As shown in fig. 1, as a preferred embodiment of the present invention, the intermediate buffer module includes:

and the intermediate buffer container 61 is used for buffering the wastewater treated by the pH callback module.

Specifically, the pH of the wastewater is buffered by the intermediate buffer container 61.

In addition, a sixth pH meter, a sixth ultrahigh liquid level meter, a second high liquid level meter, a second middle liquid level meter and a second low liquid level meter are arranged on the intermediate buffer container 61; the sixth pH meter is used for detecting the pH value of the wastewater in the intermediate buffer container 61, and the sixth ultrahigh level meter, the second medium level meter and the second low level meter are respectively used for detecting the liquid levels of an ultrahigh point, a high point, a middle point and a low point on the intermediate buffer container 61.

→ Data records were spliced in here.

(* Let $\varphi\in\mathrm{Diff}_{up}(\mathbb{C}^{n+1},0)$ and let $\gamma$ be a non-fibered irreducible component of $\mathrm{Fix}\,\varphi$. Then $Res_\gamma(\varphi)$ is a meromorphic function on $\gamma$, i.e. there are $A,B\in\mathbb{C}\{x,x_1,\dots,x_n\}$ with $B\not\equiv0$ on $\gamma$ such that $Res_\gamma(\varphi)=(A/B)|_\gamma$ wherever both are defined.
   Context: Coordinates $(x,x_1,\dots,x_n)$ on $\mathbb{C}^{n+1}$. $\mathrm{Diff}_{up}(\mathbb{C}^{n+1},0)$: germs of biholomorphisms $\varphi$ of $(\mathbb{C}^{n+1},0)$ with $x_j\circ\varphi=x_j$ ($1\le j\le n$) and $\frac{\partial(x\circ\varphi)}{\partial x}(0)=1$; $\mathrm{Fix}\,\varphi=\{x\circ\varphi=x\}$. An analytic germ is fibered if it is a union of local orbits of $\partial/\partial x$. For a fixed point $P$ near $0$, $\varphi_P$ is the germ at $x(P)$ of the one-variable map $t\mapsto x\circ\varphi(t,x_1(P),\dots,x_n(P))$. If $\partial(x\circ\varphi)/\partial x\equiv1$ on $\gamma$ (unipotent component): let $\nu_0$ be the minimum over $P\in\gamma$ of the order at $x(P)$ of $\varphi_P(t)-t$; for $P\in\gamma$ realizing $\nu_0$, $Res_\gamma(\varphi)(P)$ is the residue at $x(P)$ of the meromorphic 1-form $\omega$ with $\omega(X)=1$, where $X$ is any germ of holomorphic vector field formally conjugate to $\log\varphi_P$ (the unique formal nilpotent vector field whose time-one flow is $\varphi_P$); this is defined on the complement in $\gamma$ of a proper analytic subset. If $\gamma$ is not unipotent: $Res_\gamma(\varphi)(Q)=1/\ln\left(\frac{\partial(x\circ\varphi)}{\partial x}(Q)\right)$ for $Q\in\gamma$, with the branch of $\ln$ satisfying $\ln1=0$. *)

theory Defs
  imports "HOL-Complex_Analysis.Complex_Analysis"
          "HOL-Computational_Algebra.Formal_Power_Series"
          "HOL-Library.Extended_Nat"
begin

text \<open>Points of C^(n+1) are pairs (x, (x_1,...,x_n)) :: complex \<times> (complex^'n).
  A germ of phi in Diff_up is phi(x,y) = (g(x,y), y) with g holomorphic near 0,
  g 0 = 0 and dg/dx (0) = 1 (it is then automatically a local biholomorphism).\<close>

definition cscale :: "complex \<Rightarrow> complex \<times> (complex^'n) \<Rightarrow> complex \<times> (complex^'n)" where
  "cscale c p = (c * fst p, \<chi> i. c * (snd p $ i))"
lemma split_of_cyclic_interval_in_circular_splits:
  assumes "2 \<le> m" "m + 2 \<le> length xs"
  shows "split_of ((!) xs ` cyclic_interval (length xs) i m) \<in> circular_splits xs"
proof -
  let ?C = "cyclic_interval (length xs) i m"
  have sub: "?C \<subseteq> {..<length xs}"
    using assms by (intro cyclic_interval_subset) auto
  have "card ?C = m"
    using assms by (intro card_cyclic_interval) auto
  then have "card ((!) xs ` ?C) = m" "card (UNIV - (!) xs ` ?C) = length xs - m"
    using sub finite_subset[OF sub] by (simp_all add: Compl_nth_image card_nth_image card_Diff_subset)
  then have "nontrivial_split UNIV (split_of ((!) xs ` ?C))"
    using assms by (simp add: nontrivial_split_split_of)
  then show ?thesis
    unfolding circular_splits_def circular_wrt_iff nontrivial_split_def by blast
qed

lemma nontrivial_split_cyclic_interval_length:
  assumes "nontrivial_split UNIV (split_of ((!) xs ` cyclic_interval (length xs) i m))"
  shows "0 < m" "m < length xs"
proof -
  let ?n = "length xs" and ?C = "cyclic_interval (length xs) i m"
  have C: "2 \<le> card ((!) xs ` ?C)" "2 \<le> card (UNIV - (!) xs ` ?C)"
    using assms unfolding nontrivial_split_split_of by auto
  show "0 < m"
    using C(1) by (cases "m = 0") (auto simp: cyclic_interval_def)
  show "m < ?n"
  proof (rule ccontr)
    assume "\<not> m < ?n"
    then have "?C = {..<?n}"
      by (simp add: cyclic_interval_full length_circular_ordering)
    then have "UNIV - (!) xs ` ?C = {}"
      using Compl_nth_image[of "{..<?n}"] by simp
    then show False
      using C(2) by (metis card.empty not_numeral_le_zero)
  qed
qed
(* The set function $h:2^{\{1,\dots,K\}}\to\mathbb R_+$ defined by $$h(\mathcal A)=\sum_{j=1}^N\Big((K-|\mathcal A|+1)\sum_{u\in\mathcal A}p^{\rm su}(u,j)+\sum_{\{u,v\}\subseteq\mathcal A,\,u<v}p^{\rm sic}(\{u,v\},j)\Big)$$ is monotone nondecreasing and submodular, i.e. $h(\mathcal A)\le h(\mathcal B)$ and $h(\mathcal A\cup\{q\})-h(\mathcal A)\ge h(\mathcal B\cup\{q\})-h(\mathcal B)$ for all $\mathcal A\subseteq\mathcal B\subseteq\{1,\dots,K\}$ and $q\notin\mathcal B$.
   Context: Let $K,N,N_r\ge1$. For each user $u\in\{1,\dots,K\}$ and RB $j\in\{1,\dots,N\}$ let $h_{u,j}\in\mathbb C^{N_r}$ and let $\alpha_u\ge0$ be weights. Define $p^{\rm su}(u,j)=\alpha_u\log(1+h_{u,j}^\dagger h_{u,j})$. For a pair $\mathcal U=\{u,v\}$, $u\neq v$, let $\hat u\in\mathcal U$ have $\alpha_{\hat u}=\max\{\alpha_u,\alpha_v\}$ and $\hat v$ the other element, and define $p^{\rm sic}(\mathcal U,j)=p^{\rm su}(\hat u,j)+\alpha_{\hat v}\log\big(1+h_{\hat v,j}^\dagger(I+h_{\hat u,j}h_{\hat u,j}^\dagger)^{-1}h_{\hat v,j}\big)$ (this value does not depend on the choice of $\hat u$ when $\alpha_u=\alpha_v$). *)

theory Defs
  imports "HOL-Analysis.Analysis"
begin

text \<open>Channel vectors h u j are elements of complex^'r (N_r = CARD('r)).
  Conjugate transpose products are written out explicitly.\<close>

definition hnorm2 :: "complex^'r \<Rightarrow> complex" where
  "hnorm2 x = (\<Sum>i\<in>UNIV. cnj (x $ i) * x $ i)"

definition outer :: "complex^'r \<Rightarrow> complex^'r^'r" where
  "outer x = (\<chi> i k. x $ i * cnj (x $ k))"

definition herm_form :: "complex^'r^'r \<Rightarrow> complex^'r \<Rightarrow> complex" where
  "herm_form M x = (\<Sum>i\<in>UNIV. cnj (x $ i) * (M *v x) $ i)"

definition p_su :: "(nat \<Rightarrow> real) \<Rightarrow> (nat \<Rightarrow> nat \<Rightarrow> complex^'r) \<Rightarrow> nat \<Rightarrow> nat \<Rightarrow> real" where
  "p_su \<alpha> h u j = \<alpha> u * ln (Re (1 + hnorm2 (h u j)))"

text \<open>SIC value for the pair {u,v}: decode first the user of larger weight
  (ties broken in favour of u; the value is independent of the tie-break).\<close>
definition p_sic :: "(nat \<Rightarrow> real) \<Rightarrow> (nat \<Rightarrow> nat \<Rightarrow> complex^'r) \<Rightarrow> nat \<Rightarrow> nat \<Rightarrow> nat \<Rightarrow> real" where
  "p_sic \<alpha> h u v j =
     (let uh = (if \<alpha> v \<le> \<alpha> u then u else v);
          vh = (if \<alpha> v \<le> \<alpha> u then v else u)
      in p_su \<alpha> h uh j
         + \<alpha> vh * ln (Re (1 + herm_form (matrix_inv (mat 1 + outer (h uh j))) (h vh j))))"

definition hfun :: "nat \<Rightarrow> nat \<Rightarrow> (nat \<Rightarrow> real) \<Rightarrow> (nat \<Rightarrow> nat \<Rightarrow> complex^'r) \<Rightarrow> nat set \<Rightarrow> real" where
  "hfun K N \<alpha> h A =
     (\<Sum>j\<in>{1..N}. (real K - real (card A) + 1) * (\<Sum>u\<in>A. p_su \<alpha> h u j)
        + (\<Sum>(u,v)\<in>{(u,v). u \<in> A \<and> v \<in> A \<and> u < v}. p_sic \<alpha> h u v j))"

end

theory Submission
  imports Defs
begin

(*
  Write s_j(u) = p_su(u,j) and T_j(u,v) = p_sic({u,v},j).  Then
  h(A) = sum_j G_j(A) with G_j(A) = (K - |A| + 1) * sum_{u in A} s_j(u)
  + sum_{u<v in A} T_j(u,v), so it suffices to treat one resource block.

  1. Linear algebra: by Sherman-Morrison, (I + x x^H)^(-1) = I - x x^H / (1 + |x|^2),
     hence the SIC term equals ln (1 + |y|^2 - |<x,y>|^2 / (1 + |x|^2)).  With
     Cauchy-Schwarz this yields s(u), s(v) <= T(u,v) <= s(u) + s(v) whenever the
     weights are nonnegative.
  2. Combinatorics: for ANY s >= 0 and T satisfying these three bounds, the marginal
     gain of G is  G(A + q) - G(A) = (K - |A|) s(q) - sum_A s + sum_A T(u,q),
     which is nonnegative (monotonicity) and decreases when A grows by u by exactly
     s(u) + s(q) - T(u,q) >= 0 (submodularity).
  3. The theorem follows by summing over the resource blocks.
*)

definition cinner :: "complex^'r \<Rightarrow> complex^'r \<Rightarrow> complex" where
  "cinner x y = (\<Sum>k\<in>UNIV. cnj (x $ k) * y $ k)"
(* Let $(S,V)$ be a complete semiring-semimodule pair, let $S'\subseteq S$ contain $0$ and $1$, let $n\ge1$, let $\Gamma$ be an alphabet, and let $M\in (S'^{n\times n})^{\Gamma^*\times\Gamma^*}$ be a pushdown transition matrix. Then for all $0\le l\le n$, the pair of families $\big(((M^* )_{p,\epsilon})_{p\in\Gamma},((M^{\omega,l})_p)_{p\in\Gamma}\big)$ is a solution of the algebraic system $$y_p=\sum_{\pi\in\Gamma^*}M_{p,\pi}\,y_\pi,\qquad p\in\Gamma,$$ over the quemiring $S^{n\times n}\times V^n$; that is, setting $x_p=(M^* )_{p,\epsilon}$ and $z_p=(M^{\omega,l})_p$, for all $p\in\Gamma$: $$x_p=\sum_{\pi\in\Gamma^*}M_{p,\pi}x_\pi\quad\text{and}\quad z_p=\sum_{\pi=p_1\dots p_k\in\Gamma^+}M_{p,\pi}\sum_{1\le j\le k}x_{p_1}\cdots x_{p_{j-1}}z_{p_j},$$ where $x_{p_1\dots p_k}=x_{p_1}\cdots x_{p_k}$ and $x_\epsilon$ is the $n\times n$ identity matrix.
   Context: A complete semiring-semimodule pair $(S,V)$ (in the sense of Ésik and Kuich, "Modern Automata Theory") consists of a complete starsemiring $S$ (arbitrary sums with infinite associativity/commutativity/distributivity laws, star $s^*=\sum_{j\ge0}s^j$) and a complete $S$-semimodule $V$, with infinite products $\prod_{j\ge1}s_j\in V$ of sequences in $S$ satisfying the axioms of that framework; then $(S^{n\times n},V^n)$ is again such a pair. The quemiring $S^{n\times n}\times V^n$ has componentwise sum and product $(s,u)(s',u')=(ss',u+su')$; in the system, $y_p=(x_p,z_p)$ and $y_{p_1\dots p_k}=y_{p_1}\cdots y_{p_k}$ (quemiring product), $y_\epsilon=(E,0)$, and a matrix $A\in S^{n\times n}$ acts by $A(s,u)=(As,Au)$; the two displayed equations are exactly the componentwise form of the system. $M\in (S'^{n\times n})^{\Gamma^*\times\Gamma^*}$ is a $\Gamma^*\times\Gamma^*$ matrix with $n\times n$ blocks over $S'$; it is a pushdown transition matrix if (i) for each $p\in\Gamma$ only finitely many blocks $M_{p,\pi}$ are nonzero, and (ii) $M_{\pi_1,\pi_2}=M_{p,\pi}$ if $\pi_1=p\pi'$, $\pi_2=\pi\pi'$ for some $p\in\Gamma$, $\pi,\pi'\in\Gamma^*$, and $0$ otherwise. $M^*=\sum_{m\ge0}M^m$ with blocks $(M^* )_{\pi,\pi'}$. Let $P_l=\{(j_1,j_2,\dots)\in\{1,\dots,n\}^\omega\mid j_t\le l\text{ for infinitely many }t\}$; $M^{\omega,l}\in (V^n)^{\Gamma^*}$ is given by $((M^{\omega,l})_\pi)_i=\sum_{\pi_1,\pi_2,\ldots\in\Gamma^*}\sum_{(j_1,j_2,\ldots)\in P_l}(M_{\pi,\pi_1})_{i,j_1}(M_{\pi_1,\pi_2})_{j_1,j_2}\cdots$. *)

theory Defs
  imports Main
begin

text \<open>Universal index type for complete sums. Families indexed by sets of
  any other type are summed by transporting them injectively into this type
  (see Sum_over); by the partition axiom the result does not depend on the
  chosen injection.\<close>
type_synonym idx = "nat \<Rightarrow> nat"

definition Sum_over :: "(idx set \<Rightarrow> (idx \<Rightarrow> 'a) \<Rightarrow> 'a) \<Rightarrow> 'x set \<Rightarrow> ('x \<Rightarrow> 'a) \<Rightarrow> 'a" where
  "Sum_over \<sigma> A f =
     (let h = (SOME h :: 'x \<Rightarrow> idx. inj_on h A) in \<sigma> (h ` A) (\<lambda>i. f (inv_into A h i)))"

definition complete_monoid_sum :: "(idx set \<Rightarrow> (idx \<Rightarrow> 'a::comm_monoid_add) \<Rightarrow> 'a) \<Rightarrow> bool" where
  "complete_monoid_sum \<sigma> \<longleftrightarrow>
     (\<forall>f. \<sigma> {} f = 0) \<and>
     (\<forall>f j. \<sigma> {j} f = f j) \<and>
     (\<forall>f j k. j \<noteq> k \<longrightarrow> \<sigma> {j, k} f = f j + f k) \<and>
     (\<forall>I f g. (\<forall>i\<in>I. f i = g i) \<longrightarrow> \<sigma> I f = \<sigma> I g) \<and>
     (\<forall>(J::idx set) (P::idx \<Rightarrow> idx set) f.
        (\<forall>j\<in>J. \<forall>j'\<in>J. j \<noteq> j' \<longrightarrow> P j \<inter> P j' = {}) \<longrightarrow>
        \<sigma> (\<Union>j\<in>J. P j) f = \<sigma> J (\<lambda>j. \<sigma> (P j) f))"

text \<open>Complete semiring-semimodule pair (S,V): ssum and vsum are the complete sums,
  smult the action of S on V, omega the infinite product of a sequence in S
  (indexed from 0 instead of 1).\<close>
locale complete_ss_pair =
  fixes ssum :: "idx set \<Rightarrow> (idx \<Rightarrow> 's::semiring_1) \<Rightarrow> 's"
    and vsum :: "idx set \<Rightarrow> (idx \<Rightarrow> 'v::comm_monoid_add) \<Rightarrow> 'v"
    and smult :: "'s \<Rightarrow> 'v \<Rightarrow> 'v"
    and omega :: "(nat \<Rightarrow> 's) \<Rightarrow> 'v"
  assumes ssum_complete: "complete_monoid_sum ssum"
    and ssum_distl: "\<And>I a f. ssum I (\<lambda>i. a * f i) = a * ssum I f"
    and ssum_distr: "\<And>I a f. ssum I (\<lambda>i. f i * a) = ssum I f * a"
    and vsum_complete: "complete_monoid_sum vsum"
    and smult_add_left: "\<And>s s' v. smult (s + s') v = smult s v + smult s' v"
    and smult_add_right: "\<And>s v v'. smult s (v + v') = smult s v + smult s v'"
    and smult_assoc: "\<And>s s' v. smult (s * s') v = smult s (smult s' v)"
    and smult_one: "\<And>v. smult 1 v = v"
    and smult_zero_left: "\<And>v. smult 0 v = 0"
    and smult_zero_right: "\<And>s. smult s 0 = 0"
    and smult_vsum: "\<And>s I f. smult s (vsum I f) = vsum I (\<lambda>i. smult s (f i))"
    and smult_ssum: "\<And>I f v. smult (ssum I f) v = vsum I (\<lambda>i. smult (f i) v)"
    and omega_unfold: "\<And>s. omega s = smult (s 0) (omega (\<lambda>j. s (Suc j)))"
    and omega_group: "\<And>s k. strict_mono k \<Longrightarrow> k 0 = 0 \<Longrightarrow>
         omega s = omega (\<lambda>j. prod_list (map s [k j..<k (Suc j)]))"
    and omega_sum: "\<And>(I::nat \<Rightarrow> idx set) (a::nat \<Rightarrow> idx \<Rightarrow> 's).
         omega (\<lambda>j. ssum (I j) (a j)) =
         Sum_over vsum {f. \<forall>j. f j \<in> I j} (\<lambda>f. omega (\<lambda>j. a j (f j)))"

text \<open>n x n matrices over S as functions nat => nat => S, indices 0..n-1.\<close>
definition mat_mult :: "nat \<Rightarrow> (nat \<Rightarrow> nat \<Rightarrow> 's::semiring_1) \<Rightarrow> (nat \<Rightarrow> nat \<Rightarrow> 's) \<Rightarrow> nat \<Rightarrow> nat \<Rightarrow> 's" where
  "mat_mult n A B = (\<lambda>i j. \<Sum>k<n. A i k * B k j)"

As shown in fig. 1, as a preferred embodiment of the present invention, the ozone reaction module comprises:

an ozone reaction vessel 71;

a booster pump 73 for pumping the wastewater in the intermediate buffer module into the ozone reaction vessel 71;

an ozone generator 72 connected to the ozone reaction container 71 for generating ozone;

an ozone circulation pump 75 for circulating ozone in the ozone reaction vessel 71;

an air compressor connected to the ozone circulation pump 75;

and a second rotary mixing aerator 74 disposed in the ozone reaction vessel 71 for oxygenating and aerating the wastewater in the ozone reaction vessel 71 in the form of multi-layer spiral cutting.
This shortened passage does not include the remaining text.